Your data can be copied to your computer's clipboard from another source and pasted directly into Raven's Eye. To prepare your data for copying and pasting into Raven's Eye, simply use the highlighting or select feature of the program that you are using to select the text that you would like to copy, and then choose that program's Copy command to copy the selected text to your computer's clipboard. If you haven't already done so, proceed to log in to Raven's Eye, and then paste your copied text into its own table for analysis.
Raven's Eye automatically removes most html and other formatting characters that may have been inadvertently captured during the copying process. However, you may occasionally capture strings of characters when copying and pasting from various sources without first cleaning your data. In some instances, the inadvertent capture of character strings may affect the apparent distribution of the words in your sample, thereby introducing various amounts of error into your results.
We recommend that users try to reduce the amount of formatting incidentally captured in the copying process by carefully selecting only the text that they are interested in analyzing, while trying to refrain from capturing clearly marked links, images, or other non-textual features that may surround that text. When general impressions are all that are required, such procedure may likely suffice in terms of data preparation.
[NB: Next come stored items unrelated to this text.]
lemma delta_glue:
  fixes f :: "'a \<Rightarrow> nat"
  assumes f: "f \<in> measurable M (count_space UNIV)" and a: "\<And>k. a k \<in> unit_ball M"
  shows "AE \<omega> in M. \<delta> (\<lambda>\<omega>. a (f \<omega>) \<omega>) \<omega> = \<delta> (a (f \<omega>)) \<omega>"
proof -
  have glue_L: "(\<lambda>\<omega>. a (f \<omega>) \<omega>) \<in> L"
    by (rule bounded_in_L[OF unit_ball_bounded_measurable[OF unit_ball_glue[OF f a]]])
  have "AE \<omega> in M. f \<omega> = k \<longrightarrow> \<delta> (\<lambda>\<omega>. a (f \<omega>) \<omega>) \<omega> = \<delta> (a k) \<omega>" for k
  proof -
    have "{\<omega>\<in>space M. f \<omega> = k} \<in> sets M" using f by measurable
    then have "AE \<omega> in M. \<omega> \<in> {\<omega>\<in>space M. f \<omega> = k} \<longrightarrow> \<delta> (\<lambda>\<omega>. a (f \<omega>) \<omega>) \<omega> = \<delta> (a k) \<omega>"
      by (rule delta_local[OF _ glue_L bounded_in_L[OF unit_ball_bounded_measurable[OF a]]]) simp
    with AE_space show ?thesis by eventually_elim auto
  qed
  then have "AE \<omega> in M. \<forall>k. f \<omega> = k \<longrightarrow> \<delta> (\<lambda>\<omega>. a (f \<omega>) \<omega>) \<omega> = \<delta> (a k) \<omega>"
    by (intro AE_all_countable[THEN iffD2] allI)
  then show ?thesis by eventually_elim simp
qed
When however, precise or scientific results are required, we recommend cleaning your data such that it contains only textual or numeric data, and then uploading it via one of our supported spreadsheet formats.
Once you have copied the text that you would like analyzed, you may login to Raven's Eye and paste your text into our online software for automated analysis.
Those wishing to ground their investigations in Quantitative Phenomenological methods may want to consider the information provided on the Acknowledge and refine your attitude page of our Technicals, which is first step in conducting a Quantitative Phenomenology with Raven's Eye. That step addresses several theoretical and methodological considerations that correspond with many of the practical decisions made while gathering and preparing your data.